Гошка держал в руках легкое платье и смотрел, как бьется на покрасневшей шее Полины голубая жилка. Потом неожиданно сорвался с места и, швырнув в сторону платье, бросился к выходу.
Петр Ермолаевич Пятница болел. Возле кровати на стуле лежали какие-то порошки, стоял стакан воды. На спинке стула висел черный с потертым воротником пиджак. На левом борту пиджака – орден Красного Знамени с облупившейся местами эмалью.
– Лежите?! – закричал Гошка, врываясь в комнату. – Там у людей вещи описывают, а вы лежите и ничего не знаете!
– Погоди, погоди, не кричи, – поднимаясь на подушке, сказал Пятница. – Во-первых, на больных и старых не кричат. Во-вторых, я все знаю, и нечего паниковать.
– Знаете?.. – Гошка растерялся, посмотрел на вспотевшую лысину председателя, на пиджак, на облупившийся орден. – Как же так, Петр Ермолаевич? – совсем тихо спросил он. – Знаете и лежите!
– Ты, Георгий, не смотри на меня так, – сказал Пятница, опуская глаза. – Тут дело серьезное. Я звонил в район. Говорил со следователем. Понимаешь, Тюлькин сам признался, что наворовал в колхозе тысяч на пятьдесят. Следователь говорит, что по суду вещи все равно конфискуют. Вот я и решил описать все это, пока Полина не припрятала.
– Петр Ермолаевич, а разве семья виновата, что Тюлькин – вор? Разве они должны за него отвечать?
– Ну, тут трудно сказать, кто за кого отвечает. Тюлькин ведь деньги домой приносил.
– Какие деньги он приносил? Вы ведь сами знаете, что у него баба была в городе. Да и пил он.
– Ну ладно, Яровой, – рассердился председатель. – Нечего нам тут с тобой антимонии разводить. Я знаю одно – раз человек украл, с него надо получить. Вот так.
– Ну как же…
– Не знаю, Яровой, ничего не знаю. На то есть законы, которые все мы должны выполнять.
Гошка посмотрел председателю в глаза, повернулся и, сгорбившись, пошел к выходу. Он уже взялся за ручку двери, но остановился:
– Петр Ермолаевич!
– Да?
– Петр Ермолаевич! – Гошка вернулся. – Вот вы часто рассказываете про Первую Конную. А если бы там так делали?

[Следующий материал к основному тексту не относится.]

lemma len_less_tmul_iff_pos:
  assumes x: "distinct x" "a \<in> set x" "b \<in> set x" and "a < b"
  shows "len x < len (tmul (a, b) x) \<longleftrightarrow> pos x a < pos x b"
proof -
  have ascent: "len w < len (tmul (a, b) w)" if "distinct w" "a \<in> set w" "b \<in> set w"
    "pos w a < pos w b" for w
    using len_less_swap_ascent[of "pos w a" "pos w b" w] tmul_eq_swap_entries[of w "pos w a" "pos w b"]
      that \<open>a < b\<close> by (simp add: nth_pos pos_less_length)
  have "pos x a \<noteq> pos x b"
    using x \<open>a < b\<close> by (metis nth_pos less_irrefl)
  moreover have "\<not> len x < len (tmul (a, b) x)" if "pos x b < pos x a"
  proof -
    define y where "y = tmul (a, b) x"
    have "tmul (a, b) y = x"
      unfolding y_def tmul_def by (simp add: comp_def)
    moreover have "distinct y"
      using x(1) inj_on_subset[OF inj_swapv] unfolding y_def tmul_def by (simp add: distinct_map)
    moreover have "a \<in> set y" "b \<in> set y"
      using x(2,3) image_eqI[of a "swapv (a, b)" b] image_eqI[of b "swapv (a, b)" a]
      unfolding y_def tmul_def set_map by (auto simp: swapv_def)
    moreover have "pos y a < pos y b"
      using that \<open>a < b\<close> unfolding y_def pos_tmul by (simp add: swapv_def)
    ultimately show ?thesis
      using ascent[of y] \<open>a < b\<close> unfolding y_def by simp
  qed
  ultimately show ?thesis
    using ascent[OF x] by linarith
qed

lemma perm_n_distinct: "perm_n n x \<Longrightarrow> distinct x"
  unfolding perm_n_def by auto

lemma set_perm_n: "perm_n n x \<Longrightarrow> set x = {1..n}"
  unfolding perm_n_def by auto

lemma transp_set_iff: "t \<in> transp_set n \<longleftrightarrow> 1 \<le> fst t \<and> fst t < snd t \<and> snd t \<le> n"
  unfolding transp_set_def by (cases t) auto

lemma bedge_iff_pos:
  "bedge n x t y \<longleftrightarrow>
     perm_n n x \<and> t \<in> transp_set n \<and> y = tmul t x \<and> pos x (fst t) < pos x (snd t)"
proof -
  have "len x < len (tmul t x) \<longleftrightarrow> pos x (fst t) < pos x (snd t)"
    if "perm_n n x" "t \<in> transp_set n"
    using len_less_tmul_iff_pos[of x "fst t" "snd t"] that
    by (simp add: perm_n_distinct set_perm_n transp_set_iff)
  then show ?thesis
    unfolding bedge_def by auto
qed

section \<open>Factorizations of a product of two transpositions\<close>

definition letters :: "nat \<times> nat \<Rightarrow> nat set" where
  "letters t = {fst t, snd t}"

text \<open>With P the position function of a permutation x, this says that x \<rightarrow> s x \<rightarrow> s' s x
  is a path in the Bruhat graph (lemma bedges_iff_climbs).\<close>

definition climbs :: "(nat \<Rightarrow> nat) \<Rightarrow> nat \<times> nat \<Rightarrow> nat \<times> nat \<Rightarrow> bool" where
  "climbs P s s' \<longleftrightarrow> P (fst s) < P (snd s) \<and> P (swapv s (fst s')) < P (swapv s (snd s'))"

lemma swapv_inject:
  assumes "fst s < snd s" "fst t < snd t" "swapv s = swapv t"
  shows "s = t"
proof -
  have "swapv t (fst s) = snd s" "swapv t (snd s) = fst s"
    using assms(3) unfolding swapv_def by (metis less_irrefl assms(1))+
  then show ?thesis
    using assms(1,2) unfolding swapv_def by (cases s, cases t) (auto split: if_splits)
qed

lemma moved_swapv_comp:
  assumes "a < b" "c < d" "(a, b) \<noteq> (c, d)"
  shows "{v. swapv (c, d) (swapv (a, b) v) \<noteq> v} = {a, b, c, d}"
  using assms by (auto simp: swapv_def)

lemma letters_factorization:
  assumes "a < b" "c < d" "e < f" "g < h" "(a, b) \<noteq> (c, d)"
    and comp: "swapv (g, h) \<circ> swapv (e, f) = swapv (c, d) \<circ> swapv (a, b)"
  shows "{e, f, g, h} = {a, b, c, d}"
proof -
  have moved: "{v. swapv (g, h) (swapv (e, f) v) \<noteq> v} = {a, b, c, d}"
    using moved_swapv_comp[OF assms(1,2,5)] comp by (simp add: comp_def fun_eq_iff)
  have "(e, f) \<noteq> (g, h)"
  proof
    assume "(e, f) = (g, h)"
    then have "{v. swapv (g, h) (swapv (e, f) v) \<noteq> v} = {}"
      by simp
    then show False
      using moved by simp
  qed
  then show ?thesis
    using moved_swapv_comp[OF assms(3,4)] moved by simp
qed

lemma factorizations_disjoint:
  assumes "a < b" "c < d" "{a, b} \<inter> {c, d} = {}" "e < f" "g < h" "{e, f, g, h} = {a, b, c, d}"
    and comp: "swapv (g, h) \<circ> swapv (e, f) = swapv (c, d) \<circ> swapv (a, b)"
  shows "(e, f) = (a, b) \<and> (g, h) = (c, d) \<or> (e, f) = (c, d) \<and> (g, h) = (a, b)"
proof -
  have ne: "a \<noteq> b" "b \<noteq> a" "c \<noteq> a" "d \<noteq> a" "c \<noteq> b" "d \<noteq> b" "c \<noteq> d" "d \<noteq> c"
    "a \<noteq> c" "a \<noteq> d" "b \<noteq> c" "b \<noteq> d"
    "\<not> b < a" "\<not> d < c" "\<not> a < a" "\<not> b < b" "\<not> c < c" "\<not> d < d"
    using assms(1-3) by auto
  have letters: "e \<in> {a, b, c, d}" "f \<in> {a, b, c, d}" "g \<in> {a, b, c, d}" "h \<in> {a, b, c, d}"
    using assms(6) by blast+
  have at: "swapv (g, h) (swapv (e, f) a) = swapv (c, d) (swapv (a, b) a)"
    "swapv (g, h) (swapv (e, f) b) = swapv (c, d) (swapv (a, b) b)"
    "swapv (g, h) (swapv (e, f) c) = swapv (c, d) (swapv (a, b) c)"
    "swapv (g, h) (swapv (e, f) d) = swapv (c, d) (swapv (a, b) d)"
    using comp by (simp_all add: fun_eq_iff)
  show ?thesis
    using letters at assms(4,5)
    by (simp only: insert_iff empty_iff simp_thms) (elim disjE; simp add: ne swapv_def)
qed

Пятница приподнялся в постели.
– Ты, Георгий, мне в душу не лезь, – сказал он хмуро. – Тоже заладил: в Первой Конной, в Первой Конной. Много ты понимаешь. Молод еще. Глуп.
Гошка ничего не ответил и опять направился к выходу.
– Погоди, – сказал Пятница.
Гошка остановился.
– Пойди-ка сюда. – Председатель посмотрел ему в глаза. – А может, ты и не глуп. Может, это я… не понимаю чего-то. Чего-то путается в голове… Старею, что ли… Ладно, Георгий, сейчас пойдем разберемся.
Пятница взял со стула брюки и просунул в них белые худые ноги.